## [Exercise brief]
Using the records below, quote only the span that opens with the line containing "i \<notin> I" and closes with the line containing "and vice versa.\<close>", exactly and inclusively.

Saved data entries:
================================

(* Let $\mathbb{F}$ be a field and let $\mathcal{C}_2 \subsetneqq \mathcal{C}_1 \subseteq \mathbb{F}^n$ be linear codes with $\ell = \dim(\mathcal{C}_1) - \dim(\mathcal{C}_2)$. Then for all integers $1 \leq r \leq \ell$ and $0 \leq \mu \leq n$: $$d_{H,r}(\mathcal{C}_1,\mathcal{C}_2) = d_{M,r}(\Delta(\mathcal{C}_1), \Delta(\mathcal{C}_2)), \qquad K_{H,\mu}(\mathcal{C}_1,\mathcal{C}_2) = K_{M,\mu}(\Delta(\mathcal{C}_1), \Delta(\mathcal{C}_2)).$$
   Context: $\Delta : \mathbb{F}^n \to \mathbb{F}^{n \times n}$ sends $\mathbf{c}$ to the diagonal matrix ${\rm diag}(\mathbf{c})$. For $I \subseteq \{1,\dots,n\}$, $\mathcal{L}_I = \{(c_1,\dots,c_n) \in \mathbb{F}^n \mid c_i = 0 \ \forall i \notin I\}$. Relative generalized Hamming weights: $d_{H,r}(\mathcal{C}_1,\mathcal{C}_2) = \min\{|I| \mid I \subseteq \{1,\dots,n\}, \dim(\mathcal{C}_1 \cap \mathcal{L}_I) - \dim(\mathcal{C}_2 \cap \mathcal{L}_I) \ge r\}$; relative dimension/length profile: $K_{H,\mu}(\mathcal{C}_1,\mathcal{C}_2) = \max\{\dim(\mathcal{C}_1 \cap \mathcal{L}_I) - \dim(\mathcal{C}_2 \cap \mathcal{L}_I) \mid |I| \le \mu\}$. On matrices in $\mathbb{F}^{n\times n}$ (here $m = n$): ${\rm Row}(V)$ is the row space; for a subspace $\mathcal{L}\subseteq\mathbb{F}^n$, $\mathcal{V}_\mathcal{L} = \{V \in \mathbb{F}^{n\times n} \mid {\rm Row}(V) \subseteq \mathcal{L}\}$; for nested linear codes $\mathcal{D}_2 \subsetneqq \mathcal{D}_1 \subseteq \mathbb{F}^{n\times n}$, $d_{M,r}(\mathcal{D}_1,\mathcal{D}_2) = \min\{\dim \mathcal{L} \mid \dim(\mathcal{D}_1 \cap \mathcal{V}_\mathcal{L}) - \dim(\mathcal{D}_2 \cap \mathcal{V}_\mathcal{L}) \ge r\}$ and $K_{M,\mu}(\mathcal{D}_1,\mathcal{D}_2) = \max\{\dim(\mathcal{D}_1 \cap \mathcal{V}_\mathcal{L}) - \dim(\mathcal{D}_2 \cap \mathcal{V}_\mathcal{L}) \mid \dim\mathcal{L} \le \mu\}$, over subspaces $\mathcal{L} \subseteq \mathbb{F}^n$. *)

theory Defs
  imports "HOL-Analysis.Analysis"
begin

text \<open>F^n is modelled as 'a^'n with n = CARD('n); n x n matrices as 'a^'n^'n
  (row i of V is V $ i).  Linear codes are subspaces w.r.t. vec (scalar mult *s).\<close>

definition mat_scale :: "'a::field \<Rightarrow> 'a^'n^'m \<Rightarrow> 'a^'n^'m" where
  "mat_scale c V = (\<chi> i j. c * V $ i $ j)"

interpretation mat: vector_space "mat_scale :: 'a::field \<Rightarrow> 'a^'n^'m \<Rightarrow> 'a^'n^'m"
  by unfold_locales (auto simp: mat_scale_def vec_eq_iff algebra_simps)

definition Delta :: "'a::field^'n \<Rightarrow> 'a^'n^'n" where
  "Delta c = (\<chi> i j. if i = j then c $ i else 0)"

definition LI :: "'n set \<Rightarrow> ('a::field^'n) set" where
  "LI I = {c. \<forall>i. i \<notin> I \<longrightarrow> c $ i = 0}"

definition dHr :: "nat \<Rightarrow> ('a::field^'n) set \<Rightarrow> ('a^'n) set \<Rightarrow> nat" where
  "dHr r C1 C2 = (LEAST m. \<exists>I::'n set. card I = m \<and>
      int (vec.dim (C1 \<inter> LI I)) - int (vec.dim (C2 \<inter> LI I)) \<ge> int r)"

definition KH :: "nat \<Rightarrow> ('a::field^'n) set \<Rightarrow> ('a^'n) set \<Rightarrow> int" where
  "KH \<mu> C1 C2 = Max {int (vec.dim (C1 \<inter> LI I)) - int (vec.dim (C2 \<inter> LI I)) | I::'n set. card I \<le> \<mu>}"

definition Row :: "'a::field^'n^'m \<Rightarrow> ('a^'n) set" where
  "Row V = vec.span {V $ i | i. True}"

definition VL :: "('a::field^'n) set \<Rightarrow> ('a^'n^'m) set" where
  "VL L = {V. Row V \<subseteq> L}"

definition dMr :: "nat \<Rightarrow> ('a::field^'n^'m) set \<Rightarrow> ('a^'n^'m) set \<Rightarrow> nat" where
  "dMr r D1 D2 = (LEAST m. \<exists>L::('a^'n) set. vec.subspace L \<and> vec.dim L = m \<and>
      int (mat.dim (D1 \<inter> VL L)) - int (mat.dim (D2 \<inter> VL L)) \<ge> int r)"

definition KM :: "nat \<Rightarrow> ('a::field^'n^'m) set \<Rightarrow> ('a^'n^'m) set \<Rightarrow> int" where
  "KM \<mu> D1 D2 = Max {int (mat.dim (D1 \<inter> VL L)) - int (mat.dim (D2 \<inter> VL L)) | L::('a^'n) set.
      vec.subspace L \<and> vec.dim L \<le> \<mu>}"

end

theory Submission imports Defs begin

text \<open>The rows of diag(c) are the vectors c_i e_i, so diag(c) lies in V_L exactly when c is supported
  on the set I_L (\<open>axis_support L\<close>) of coordinates i with e_i \<in> L; hence \<Delta>(C) \<inter> V_L = \<Delta>(C \<inter> L_{I_L}), and \<Delta> preserves
  dimension. Since |I_L| \<le> dim L, and conversely L = L_I is a subspace of dimension at most |I| with
  I_L = I, every value of the matrix profiles is attained by the Hamming profiles at no larger size,
  and vice versa.\<close>

definition axis_support :: "('a::field^'n) set \<Rightarrow> 'n set" where
  "axis_support L = {i. axis i 1 \<in> L}"

lemma Delta_linear: "Vector_Spaces.linear (*s) mat_scale (Delta :: 'a::field^'n \<Rightarrow> _)"
  by unfold_locales (auto simp: Delta_def mat_scale_def vec_eq_iff)

lemma inj_Delta: "inj Delta"
  unfolding inj_def Delta_def vec_eq_iff by (metis (mono_tags, lifting) vec_lambda_beta)

lemma dim_image_Delta: "mat.dim (Delta ` S) = vec.dim (S :: ('a::field^'n) set)"
proof -
  interpret P: finite_dimensional_vector_space_pair_1 "(*s)" "cart_basis :: ('a^'n) set"
    "mat_scale :: 'a \<Rightarrow> 'a^'n^'n \<Rightarrow> _"
    by unfold_locales
  show ?thesis
    by (rule P.dim_image_eq[OF Delta_linear]) (auto intro: inj_on_subset[OF inj_Delta])
qed

lemma Delta_row: "Delta c $ i = c $ i *s axis i 1"
  by (auto simp: Delta_def vec_eq_iff axis_def)

lemma VL_iff_rows:
  assumes "vec.subspace L"
  shows "V \<in> VL L \<longleftrightarrow> (\<forall>i. V $ i \<in> L)"
proof
  assume "V \<in> VL L"
  then show "\<forall>i. V $ i \<in> L"
    unfolding VL_def Row_def by (blast intro: vec.span_base)
next
  assume "\<forall>i. V $ i \<in> L"
  then have "{V $ i | i. True} \<subseteq> L" by blast
  then have "vec.span {V $ i | i. True} \<subseteq> L" by (rule vec.span_minimal[OF _ assms])
  then show "V \<in> VL L" unfolding VL_def Row_def by simp
qed

lemma subspace_scale_iff:
  assumes "vec.subspace L"
  shows "a *s x \<in> L \<longleftrightarrow> a = 0 \<or> x \<in> L"
proof
  assume ax: "a *s x \<in> L"
  show "a = 0 \<or> x \<in> L"
  proof (cases "a = 0")
    case False
    have "inverse a *s (a *s x) \<in> L" using vec.subspace_scale[OF assms ax] .
    with False show ?thesis by simp
  qed simp
qed (use vec.subspace_scale[OF assms] vec.subspace_0[OF assms] in auto)

lemma Delta_in_VL_iff:
  assumes "vec.subspace L"
  shows "Delta c \<in> VL L \<longleftrightarrow> c \<in> LI (axis_support L)"
  by (auto simp: VL_iff_rows[OF assms] Delta_row subspace_scale_iff[OF assms] LI_def axis_support_def)

lemma image_Delta_Int_VL:
  "vec.subspace L \<Longrightarrow> Delta ` C \<inter> VL L = Delta ` (C \<inter> LI (axis_support L))"
  using Delta_in_VL_iff by auto

lemma dim_image_Delta_Int_VL:
  "vec.subspace L \<Longrightarrow> mat.dim (Delta ` C \<inter> VL L) = vec.dim (C \<inter> LI (axis_support L))"
  by (simp add: image_Delta_Int_VL dim_image_Delta)

lemma card_axis_support_le_dim:
  fixes L :: "('a::field^'n) set"
  shows "card (axis_support L) \<le> vec.dim L"
proof -
  have "card (axis_support L) = card ((\<lambda>i. axis i (1::'a)) ` axis_support L)"
    by (rule card_image[symmetric]) (auto simp: inj_on_def axis_eq_axis)
  also have "\<dots> \<le> vec.dim L"
  proof (rule vec.independent_card_le_dim)
    show "(\<lambda>i. axis i 1) ` axis_support L \<subseteq> L" by (auto simp: axis_support_def)
    show "vec.independent ((\<lambda>i. axis i (1::'a)) ` axis_support L)"
      by (rule vec.independent_mono[OF independent_cart_basis]) (auto simp: cart_basis_def)
  qed
  finally show ?thesis .
qed

lemma subspace_LI: "vec.subspace (LI I)"
  by (auto simp: vec.subspace_def LI_def)

lemma axis_support_LI: "axis_support (LI I :: ('a::field^'n) set) = I"
  by (auto simp: axis_support_def LI_def axis_def)

lemma dim_LI_le_card: "vec.dim (LI I :: ('a::field^'n) set) \<le> card I"
proof -
  have "LI I \<subseteq> vec.span ((\<lambda>i. axis i (1::'a)) ` I)"
  proof
    fix c :: "'a^'n" assume c: "c \<in> LI I"
    have "c = (\<Sum>i\<in>UNIV. c$i *s axis i 1)" by (simp add: basis_expansion)
    also have "\<dots> = (\<Sum>i\<in>I. c$i *s axis i 1)"
      by (rule sum.mono_neutral_right) (use c in \<open>auto simp: LI_def\<close>)
    also have "\<dots> \<in> vec.span ((\<lambda>i. axis i (1::'a)) ` I)"
      by (intro vec.span_sum vec.span_scale vec.span_base) auto
    finally show "c \<in> vec.span ((\<lambda>i. axis i (1::'a)) ` I)" .
  qed
  then have "vec.dim (LI I :: ('a::field^'n) set) \<le> card ((\<lambda>i. axis i (1::'a)) ` I)"
    by (rule vec.dim_le_card) auto
  also have "\<dots> \<le> card I" by (rule card_image_le) auto
  finally show ?thesis .
qed

text \<open>No witness is needed: if neither predicate holds anywhere, both are \<open>\<lambda>_. False\<close>.\<close>
lemma Least_eq_if_mutually_bounded:
  fixes P Q :: "nat \<Rightarrow> bool"
  assumes PQ: "\<And>m. P m \<Longrightarrow> \<exists>m'\<le>m. Q m'" and QP: "\<And>m. Q m \<Longrightarrow> \<exists>m'\<le>m. P m'"
  shows "Least P = Least Q"
proof (cases "\<exists>k. P k")
  case True
  then have "P (Least P)" by (blast intro: LeastI)
  then obtain a where "a \<le> Least P" "Q a" using PQ by blast
  then have QP_le: "Least Q \<le> Least P" using Least_le[of Q a] by linarith
  then have "Q (Least Q)" using \<open>Q a\<close> by (blast intro: LeastI)
  then obtain b where "b \<le> Least Q" "P b" using QP by blast
  then have "Least P \<le> Least Q" using Least_le[of P b] by linarith
  with QP_le show ?thesis by simp
next
  case False
  then have "P = (\<lambda>_. False)" "Q = (\<lambda>_. False)" using QP by blast+
  then show ?thesis by simp
qed

lemma dHr_eq_dMr_Delta:
  fixes C1 C2 :: "('a::field^'n) set"
  shows "dHr r C1 C2 = dMr r (Delta ` C1) (Delta ` C2)"
  unfolding dHr_def dMr_def
proof (rule Least_eq_if_mutually_bounded)
  fix m assume "\<exists>I::'n set. card I = m \<and>
    int r \<le> int (vec.dim (C1 \<inter> LI I)) - int (vec.dim (C2 \<inter> LI I))"
  then obtain I :: "'n set" where "card I = m"
    "int r \<le> int (vec.dim (C1 \<inter> LI I)) - int (vec.dim (C2 \<inter> LI I))" by blast
  then show "\<exists>m'\<le>m. \<exists>L::('a^'n) set. vec.subspace L \<and> vec.dim L = m' \<and>
      int r \<le> int (mat.dim (Delta ` C1 \<inter> VL L)) - int (mat.dim (Delta ` C2 \<inter> VL L))"
    using dim_LI_le_card[of I] subspace_LI[of I]
    by (metis dim_image_Delta_Int_VL axis_support_LI)
next
  fix m assume "\<exists>L::('a^'n) set. vec.subspace L \<and> vec.dim L = m \<and>
      int r \<le> int (mat.dim (Delta ` C1 \<inter> VL L)) - int (mat.dim (Delta ` C2 \<inter> VL L))"
  then obtain L :: "('a^'n) set" where "vec.subspace L" "vec.dim L = m"
      "int r \<le> int (mat.dim (Delta ` C1 \<inter> VL L)) - int (mat.dim (Delta ` C2 \<inter> VL L))" by blast
  then show "\<exists>m'\<le>m. \<exists>I::'n set. card I = m' \<and>
      int r \<le> int (vec.dim (C1 \<inter> LI I)) - int (vec.dim (C2 \<inter> LI I))"
    using card_axis_support_le_dim[of L] by (metis dim_image_Delta_Int_VL)
qed

lemma KH_eq_KM_Delta:
  fixes C1 C2 :: "('a::field^'n) set"
  shows "KH \<mu> C1 C2 = KM \<mu> (Delta ` C1) (Delta ` C2)"
proof -
  define rel where "rel I = int (vec.dim (C1 \<inter> LI I)) - int (vec.dim (C2 \<inter> LI I))"
    for I :: "'n set"
  have rel_Delta: "int (mat.dim (Delta ` C1 \<inter> VL L)) - int (mat.dim (Delta ` C2 \<inter> VL L))
      = rel (axis_support L)" if "vec.subspace L" for L :: "('a^'n) set"
    using that by (simp add: dim_image_Delta_Int_VL rel_def)
  have "{rel I | I. card I \<le> \<mu>} =
      {int (mat.dim (Delta ` C1 \<inter> VL L)) - int (mat.dim (Delta ` C2 \<inter> VL L)) | L.
        vec.subspace L \<and> vec.dim L \<le> \<mu>}" (is "?H = ?M")
  proof (intro equalityI subsetI)
    fix x assume "x \<in> ?H"
    then obtain I where "x = rel I" "card I \<le> \<mu>" by blast
    moreover have "vec.dim (LI I :: ('a^'n) set) \<le> \<mu>"
      using le_trans[OF dim_LI_le_card \<open>card I \<le> \<mu>\<close>] .
    ultimately show "x \<in> ?M"
      using subspace_LI[of I] rel_Delta[OF subspace_LI, of I]
      by (intro CollectI exI[of _ "LI I"]) (simp add: axis_support_LI)
  next
    fix x assume "x \<in> ?M"
    then obtain L where "vec.subspace L" "vec.dim L \<le> \<mu>"
      "x = int (mat.dim (Delta ` C1 \<inter> VL L)) - int (mat.dim (Delta ` C2 \<inter> VL L))" by blast
    then show "x \<in> ?H"
      using card_axis_support_le_dim[of L] rel_Delta[of L]
      by (auto intro!: exI[of _ "axis_support L"])
  qed
  then show ?thesis unfolding KH_def KM_def rel_def by simp
qed

theorem theorem8:
  fixes C1 C2 :: "('a::field ^ 'n) set"
  assumes "vec.subspace C1" and "vec.subspace C2" and "C2 \<subset> C1"
    and "1 \<le> r" and "r \<le> vec.dim C1 - vec.dim C2"
    and "\<mu> \<le> CARD('n)"
  shows "dHr r C1 C2 = dMr r (Delta ` C1) (Delta ` C2)
    \<and> KH \<mu> C1 C2 = KM \<mu> (Delta ` C1) (Delta ` C2)"
  using dHr_eq_dMr_Delta KH_eq_KM_Delta by blast

end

================================

## [Written solution]
  "LI I = {c. \<forall>i. i \<notin> I \<longrightarrow> c $ i = 0}"

definition dHr :: "nat \<Rightarrow> ('a::field^'n) set \<Rightarrow> ('a^'n) set \<Rightarrow> nat" where
  "dHr r C1 C2 = (LEAST m. \<exists>I::'n set. card I = m \<and>
      int (vec.dim (C1 \<inter> LI I)) - int (vec.dim (C2 \<inter> LI I)) \<ge> int r)"

definition KH :: "nat \<Rightarrow> ('a::field^'n) set \<Rightarrow> ('a^'n) set \<Rightarrow> int" where
  "KH \<mu> C1 C2 = Max {int (vec.dim (C1 \<inter> LI I)) - int (vec.dim (C2 \<inter> LI I)) | I::'n set. card I \<le> \<mu>}"

definition Row :: "'a::field^'n^'m \<Rightarrow> ('a^'n) set" where
  "Row V = vec.span {V $ i | i. True}"

definition VL :: "('a::field^'n) set \<Rightarrow> ('a^'n^'m) set" where
  "VL L = {V. Row V \<subseteq> L}"

definition dMr :: "nat \<Rightarrow> ('a::field^'n^'m) set \<Rightarrow> ('a^'n^'m) set \<Rightarrow> nat" where
  "dMr r D1 D2 = (LEAST m. \<exists>L::('a^'n) set. vec.subspace L \<and> vec.dim L = m \<and>
      int (mat.dim (D1 \<inter> VL L)) - int (mat.dim (D2 \<inter> VL L)) \<ge> int r)"

definition KM :: "nat \<Rightarrow> ('a::field^'n^'m) set \<Rightarrow> ('a^'n^'m) set \<Rightarrow> int" where
  "KM \<mu> D1 D2 = Max {int (mat.dim (D1 \<inter> VL L)) - int (mat.dim (D2 \<inter> VL L)) | L::('a^'n) set.
      vec.subspace L \<and> vec.dim L \<le> \<mu>}"

end

theory Submission imports Defs begin

text \<open>The rows of diag(c) are the vectors c_i e_i, so diag(c) lies in V_L exactly when c is supported
  on the set I_L (\<open>axis_support L\<close>) of coordinates i with e_i \<in> L; hence \<Delta>(C) \<inter> V_L = \<Delta>(C \<inter> L_{I_L}), and \<Delta> preserves
  dimension. Since |I_L| \<le> dim L, and conversely L = L_I is a subspace of dimension at most |I| with
  I_L = I, every value of the matrix profiles is attained by the Hamming profiles at no larger size,
  and vice versa.\<close>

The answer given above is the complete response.